Parks had two hits, Clay Hill had a couple of hits and Rowan Wagner had two hits in the narrow loss to Chapel Hill.
Providence Grove was involved in a pair of shutouts, falling 10-0 to Apex Friendship in five innings as Friendship’s Luke Hemreck didn’t allow a hit. He walked two and struck out eight.
“The first game we played, we faced a really good pitcher who was around the plate and kept the ball down and we couldn't get anything started,” PG coach Glen Hunt said.
The Patriots rebounded with a resounding 13-0 win over J-M in the tournament’s final game on Thursday afternoon.

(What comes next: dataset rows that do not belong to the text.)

definition unitary :: "nat \<Rightarrow> complex mat \<Rightarrow> bool" where
  "unitary n U \<longleftrightarrow> U \<in> carrier_mat n n \<and> adj U * U = 1\<^sub>m n \<and> U * adj U = 1\<^sub>m n"

lemma unitaryD:
  assumes "unitary n U"
  shows "U \<in> carrier_mat n n" "adj U * U = 1\<^sub>m n" "U * adj U = 1\<^sub>m n"
  using assms by (simp_all add: unitary_def)

lemma unitaryI:
  assumes "U \<in> carrier_mat n n" "adj U * U = 1\<^sub>m n"
  shows "unitary n U"
  using assms mat_mult_left_right_inverse[of "adj U" n U] by (simp add: unitary_def adj_carrierI)

lemma unitary_one: "unitary n (1\<^sub>m n)"
  by (rule unitaryI) auto

lemma unitary_adj: "unitary n U \<Longrightarrow> unitary n (adj U)"
  by (simp add: unitary_def adj_carrierI)

lemma unitary_mult:
  assumes U: "unitary n U" and V: "unitary n V"
  shows "unitary n (U * V)"
proof (rule unitaryI)
  note UV = unitaryD[OF U] unitaryD[OF V]
  show "U * V \<in> carrier_mat n n" using UV by auto
  have "adj (U * V) * (U * V) = adj V * (adj U * U) * V"
    by (rule gram_mult_right[OF UV(1) UV(4)])
  then show "adj (U * V) * (U * V) = 1\<^sub>m n" using UV by simp
qed

lemma unitary_cols_orthonormal:
  assumes "unitary n U" "i < n" "j < n"
  shows "(\<Sum>a<n. cnj (U $$ (a,i)) * U $$ (a,j)) = (if i = j then 1 else 0)"
  using arg_cong[OF unitaryD(2)[OF assms(1)], of "\<lambda>A. A $$ (i,j)"] unitaryD(1)[OF assms(1)] assms(2,3)
  by (simp add: index_mult_mat_sum[of _ n n _ n] adj_carrierI del: index_mult_mat)

lemma unitary_rows_orthonormal:
  assumes "unitary n U" "a < n" "b < n"
  shows "(\<Sum>i<n. U $$ (a,i) * cnj (U $$ (b,i))) = (if a = b then 1 else 0)"
  using arg_cong[OF unitaryD(3)[OF assms(1)], of "\<lambda>A. A $$ (a,b)"] unitaryD(1)[OF assms(1)] assms(2,3)
  by (simp add: index_mult_mat_sum[of _ n n _ n] adj_carrierI del: index_mult_mat)

section \<open>Unitary diagonalization of Hermitian matrices\<close>

lemma householder_unitary:
  fixes z :: "nat \<Rightarrow> complex"
  shows "unitary m (mat m m (\<lambda>(a,b). (if a = b then 1 else 0) - 2 * z a * cnj (z b) / (\<Sum>c<m. z c * cnj (z c))))"
    (is "unitary m ?H")
proof (rule unitaryI)
  define N where "N = (\<Sum>c<m. z c * cnj (z c))"
  have "cnj N = N"
    unfolding N_def by (simp add: mult.commute)
  then have "adj ?H = ?H"
    by (intro eq_matI) (auto simp: N_def[symmetric] mult.commute)
  moreover have "?H * ?H = 1\<^sub>m m"
  proof (rule eq_matI)
    fix a c assume "a < dim_row (1\<^sub>m m)" "c < dim_col (1\<^sub>m m)"
    then have a: "a < m" and c: "c < m" by auto
    let ?x = "\<lambda>a b. 2 * z a * cnj (z b) / N"
    have "(?H * ?H) $$ (a,c) = (\<Sum>b<m. ((if a = b then 1 else 0) - ?x a b) * ((if b = c then 1 else 0) - ?x b c))"
      using a c by (simp add: index_mult_mat_sum[of _ m m _ m] N_def del: index_mult_mat)
    also have "\<dots> = (\<Sum>b<m. (if a = b then 1 else 0) * (if b = c then 1 else 0))
        - (\<Sum>b<m. (if a = b then 1 else 0) * ?x b c) - (\<Sum>b<m. ?x a b * (if b = c then 1 else 0))
        + (\<Sum>b<m. ?x a b * ?x b c)"
      by (simp add: algebra_simps sum.distrib sum_subtractf)
    also have "\<dots> = (if a = c then 1 else 0) - 2 * ?x a c + (\<Sum>b<m. ?x a b * ?x b c)"
    proof -
      have d1: "(\<Sum>b<m. (if a = b then 1 else 0) * f b) = f a" for f :: "nat \<Rightarrow> complex"
        using a by (simp add: if_distrib[of "\<lambda>x. x * _"] cong: if_cong)
      have d2: "(\<Sum>b<m. f b * (if b = c then 1 else 0)) = f c" for f :: "nat \<Rightarrow> complex"
        using c by (simp add: if_distrib[of "\<lambda>x. _ * x"] cong: if_cong)
      show ?thesis unfolding d1 d2 by simp
    qed
    also have "(\<Sum>b<m. ?x a b * ?x b c) = 4 * z a * cnj (z c) * N / (N * N)"
      by (simp add: N_def sum_distrib_left sum_divide_distrib algebra_simps)
    also have "\<dots> = 2 * ?x a c"
      by (cases "N = 0") (simp_all add: field_simps)
    finally show "(?H * ?H) $$ (a,c) = 1\<^sub>m m $$ (a,c)" using a c by simp
  qed auto
  ultimately show "adj ?H * ?H = 1\<^sub>m m" by simp
qed auto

PG recorded 13 hits in its second game, with Joe Coltrane getting three and Andrew Canter and Josh Ward recording two each. Lemuel Coltrane and Tyler Foust drove in three each and Canter got the win on the mound, surrendering six hits with seven strikeouts.
“We hit the ball much better and we jumped on them better,” Hunt said. “Andrew Canter had a great day on the mound and Andrew Thomas made some nice defensive plays. It was good to see us hit the ball. Hopefully, we can take what we did (Thursday) and take it into next week.”
Eastern Randolph experienced mixed results as well as the Wildcats recorded a 13-5 win over North Moore before falling to Apex Friendship 11-1.
Against North Moore, ER scored seven runs in the fifth and three more in the sixth for a big lead and rolled from there. Pierce Leonard had two triples, two runs scored and four RBIs, while Ethan Frye, Alex Kivett and Lucas Smith each had two hits. Kivett scored twice and Smith three times for the Wildcats, who registered 12 hits in the contest.
That win represented the fifth straight for the Wildcats at SWRHS as they won all three Easter Tournament games last year there and topped the Cougars in a PAC game the week prior.
Against Apex Friendship, ER had its win streak at SWRHS snapped as it was held in check by the Patriots. ER received an RBI single from Kahlin Graham in the third for its only run. Graham had two of ER’s five hits in the contest.
“When we played North Moore, we kinda clicked,” said first-year ER coach Brent Haynes. “We got hits in clutch situations and made pitches in situations. Going into the Apex Friendship game, I knew it would be an uphill battle. They had an army and we had 10 players. We leave six runners on in the first three innings and if we could have gotten some hits then, who knows? We didn’t give up and had some long at-bats. We battled and we’re doing things that we may not have done earlier in the season.”